I have worked very hard for the past 3 years, not earning a dime, learning my craft (market speculation or trading) more and more. I have always prayed for help, guidance and really have struggled with my family supporting me all along the way, they have been nothing but supportive. Before I got into this business I read articles about a guy that has achieved the success I have always wanted to reach. His interviews and articles is what really helped me leave my former job to pursue this on my own. I was fortunate enough the develop a friendship with him over the past 3 years, which I have learned a lot from and given me inspiration to keep going and learning.

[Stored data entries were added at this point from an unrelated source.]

lemma seq_branching_system: "branching_system E0 E1 r s C S UNIV seq_R seq_D seq_f"
  unfolding branching_system_def
proof (intro conjI ballI impI)
  fix Y d e assume Y: "Y \<in> sg_C E0 C" and "d \<in> Y" "e \<in> Y" "d \<noteq> e"
  from Y obtain v where v: "Y \<in> C v" by (auto simp: sg_C_def)
  show "seq_R d \<inter> seq_R e = {}"
    using edge_seqs_iff[OF v \<open>d \<in> Y\<close>] edge_seqs_iff[OF v \<open>e \<in> Y\<close>]
      edge_code_inj[OF v \<open>d \<in> Y\<close> \<open>e \<in> Y\<close>] \<open>d \<noteq> e\<close>
    by (auto simp: seq_R_def)
next
  fix v w assume "v \<in> E0" "w \<in> E0" "v \<noteq> w"
  then have "to_nat_on E0 v \<noteq> to_nat_on E0 w"
    by (meson countable_E0 inj_on_to_nat_on inj_onD)
  then show "seq_D v \<inter> seq_D w = {}"
    by (auto simp: seq_D_def)
next
  fix v Y assume v: "v \<in> E0" and YS: "Y \<in> S" and Y: "Y \<in> C v"
  show "seq_D v = (\<Union>e\<in>Y. seq_R e)"
  proof
    show "(\<Union>e\<in>Y. seq_R e) \<subseteq> seq_D v"
      using class_edge[OF Y] by (auto simp: seq_R_def seq_D_def)
  next
    show "seq_D v \<subseteq> (\<Union>e\<in>Y. seq_R e)"
    proof
      fix p assume "p \<in> seq_D v"
      then obtain t where p: "p = (to_nat_on E0 v, t)"
        by (auto simp: seq_D_def)
      have fin: "finite Y" and "Y \<noteq> {}"
        using finite_S_class[OF YS] separated_graph_class_nonempty[OF separated Y] by simp_all
      then have "nth_default 0 t (class_coord Y) mod card Y \<in> to_nat_on Y ` Y"
        using to_nat_on_finite[OF fin] by (simp add: bij_betw_def card_gt_0_iff)
      then obtain e where e: "e \<in> Y" "to_nat_on Y e = nth_default 0 t (class_coord Y) mod card Y"
        by auto
      then have "t \<in> edge_seqs e"
        using YS
        by (simp add: edge_seqs_iff[OF Y e(1)] reduce_code_def edge_code_def class_of_eq[OF Y])
      then show "p \<in> (\<Union>e\<in>Y. seq_R e)"
        using e class_edge[OF Y e(1)] p by (auto simp: seq_R_def)
    qed
  qed
next
  fix e assume "e \<in> E1"
  then show "bij_betw (seq_f e) (seq_D (r e)) (seq_R e)"
    by (rule bij_betw_seq_f)
qed (auto simp: seq_R_def seq_D_def)

lemma seq_classes_independent: "classes_independent E0 E1 s C S seq_R seq_D"
  unfolding classes_independent_def
proof (intro allI impI conjI ballI)
  fix v Y1 Y2 e e' assume Y1: "Y1 \<in> C v" and Y2: "Y2 \<in> C v" and "Y1 \<noteq> Y2"
    and e: "e \<in> Y1" and e': "e' \<in> Y2"
  then have k: "class_coord Y1 \<noteq> class_coord Y2"
    using class_coord_inj by blast
  let ?t = "two_point_seq (class_coord Y1) (edge_code e) (class_coord Y2) (edge_code e') 0"
  have "?t \<in> edge_seqs e" "?t \<in> edge_seqs e'"
    using edge_seqsI[OF Y1 e] edge_seqsI[OF Y2 e'] nth_default_two_point_seq k
    by simp_all
  then have "(to_nat_on E0 v, ?t) \<in> seq_R e \<inter> seq_R e'"
    using class_edge[OF Y1 e] class_edge[OF Y2 e'] by (simp add: seq_R_def)
  then show "seq_R e \<inter> seq_R e' \<noteq> {}"
    by blast
next
  fix v Y assume "Y \<in> C v - S"
  then have Y: "Y \<in> C v" and YS: "Y \<notin> S" by simp_all
  have "(to_nat_on E0 v, []) \<notin> (\<Union>e\<in>Y. seq_R e)"
    using edge_seqs_iff[OF Y] edge_code_nonzero[OF Y _ YS] YS
    by (auto simp: seq_R_def reduce_code_def)
  moreover have "(\<Union>e\<in>Y. seq_R e) \<subseteq> seq_D v"
    using class_edge[OF Y] by (auto simp: seq_R_def seq_D_def)
  ultimately show "(\<Union>e\<in>Y. seq_R e) \<subset> seq_D v"
    by (auto simp: seq_D_def)
next
  fix v Y1 Y2 assume "Y1 \<in> C v - S" "Y2 \<in> C v - S" and "Y1 \<noteq> Y2"
  then have Y1: "Y1 \<in> C v" and Y2: "Y2 \<in> C v" and Y2S: "Y2 \<notin> S"
    and k: "class_coord Y1 \<noteq> class_coord Y2"
    using class_coord_inj by auto
  obtain e where e: "e \<in> Y1"
    using separated_graph_class_nonempty[OF separated Y1] by blast
  let ?t = "two_point_seq (class_coord Y1) (edge_code e) (class_coord Y2) 0 0"
  have "(to_nat_on E0 v, ?t) \<in> (\<Union>e\<in>Y1. seq_R e)"
    using e edge_seqsI[OF Y1 e] nth_default_two_point_seq(2)[OF k] class_edge[OF Y1 e]
    by (auto simp: seq_R_def)
  moreover have "(to_nat_on E0 v, ?t) \<notin> (\<Union>e\<in>Y2. seq_R e)"
    using edge_seqs_iff[OF Y2] edge_code_nonzero[OF Y2 _ Y2S] Y2S nth_default_two_point_seq(1)
    by (auto simp: seq_R_def reduce_code_def)
  ultimately show "(\<Union>e\<in>Y1. seq_R e) \<noteq> (\<Union>e\<in>Y2. seq_R e)"
    by blast
qed

end

theorem corollary3p4:
  fixes E0 :: "'v set" and E1 :: "'e set" and r s :: "'e \<Rightarrow> 'v"
    and C :: "'v \<Rightarrow> 'e set set" and S :: "'e set set"
  assumes "separated_graph E0 E1 r s C"
    and "countable E0" and "countable E1"
    and "S \<subseteq> sg_Cfin E0 C"
  shows "\<exists>(X :: real set) R D f (\<pi> :: (('v, 'e) clgen list \<Rightarrow> 'k::field) set
             \<Rightarrow> (real \<Rightarrow> 'k) \<Rightarrow> (real \<Rightarrow> 'k)).
     is_interval X \<and> interior X \<noteq> {} \<and>
     branching_system E0 E1 r s C S X R D f \<and>
     (\<forall>v. nonsink E0 E1 s v \<longrightarrow>
        (\<forall>Y1\<in>C v. \<forall>Y2\<in>C v. Y1 \<noteq> Y2 \<longrightarrow> (\<forall>e\<in>Y1. \<forall>e'\<in>Y2. R e \<inter> R e' \<noteq> {})) \<and>
        (\<forall>Y\<in>C v - S. (\<Union>e\<in>Y. R e) \<subset> D v) \<and>
        (\<forall>Y1\<in>C v - S. \<forall>Y2\<in>C v - S. Y1 \<noteq> Y2 \<longrightarrow> (\<Union>e\<in>Y1. R e) \<noteq> (\<Union>e\<in>Y2. R e))) \<and>
     CL_hom E0 E1 r s C S X \<pi> \<and>
     (\<forall>\<phi>\<in>fun_module X.
        (\<forall>v\<in>E0. \<pi> (CL_class E0 E1 r s C S (mon [GV v])) \<phi> =
                   (\<lambda>x. if x \<in> D v then \<phi> x else 0)) \<and>
        (\<forall>e\<in>E1. \<pi> (CL_class E0 E1 r s C S (mon [GE e])) \<phi> =
                   (\<lambda>x. if x \<in> R e then \<phi> (the_inv_into (D (r e)) (f e) x) else 0)) \<and>
        (\<forall>e\<in>E1. \<pi> (CL_class E0 E1 r s C S (mon [GS e])) \<phi> =
                   (\<lambda>x. if x \<in> D (r e) then \<phi> (f e x) else 0)))"
proof -
  interpret countable_separated_graph E0 E1 r s C S
    using assms by unfold_locales
  define g :: "nat \<times> nat list \<Rightarrow> real" where "g = real \<circ> to_nat"
  have g: "inj g"
    unfolding g_def by (rule injI) (simp add: injD[OF inj_to_nat])
  define R where "R = (\<lambda>e. g ` seq_R e)"
  define D where "D = (\<lambda>v. g ` seq_D v)"
  define f where "f = (\<lambda>e. g \<circ> seq_f e \<circ> inv g)"
  have branching: "branching_system E0 E1 r s C S UNIV R D f"
    unfolding R_def D_def f_def by (rule branching_system_image[OF g seq_branching_system])
  have independent: "classes_independent E0 E1 s C S R D"
    unfolding R_def D_def by (rule classes_independent_image[OF g seq_classes_independent])
  interpret rep: branching_rep E0 E1 r s C S UNIV D R f
    using assms(1,4) branching by unfold_locales
  show ?thesis
    using branching independent rep.cl_rep_hom
    unfolding classes_independent_def
    by (intro exI[of _ UNIV] exI[of _ R] exI[of _ D] exI[of _ f] exI[of _ rep.cl_rep])
      (simp add: rep.cl_rep_generator gens_def)
qed

end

These past few months have been very tough. I have a 4 month old baby who has really changed my perspective on my life. I continued to pray for help and guidance on what I should be doing, continue this career or leave it and go to something more stable. Of course I would prefer to continue this as its my real passion, but I felt like I needed someone in my corner to continue this. I asked God for help, for someone to come into my life at this point to help me along this journey. Well, God has listened and the person that inspired me years ago to get into this business has offered his help, inviting me to join him in his office (versus just email correspondence). This is an opportunity very few people get, and I’m taken aback by this, and since have gotten this been overly emotional about it, not sure why. Most of my life I have had to really fight for things, and this is something that usually doesn’t happen to me. My wife is very supportive and couldn’t be happier, I on the other hand am really torn about this. We would have to sell our home(Chicago), move to a place I’m not familiar with (NYC), take my little girl further away from her grandparents for this. I plan on visiting him in a few weeks, and I am praying for help making this decision as this will be the biggest risk I have ever taken and I do not want to endanger my family by my decision. If anyone can suggest some prayers I would be grateful.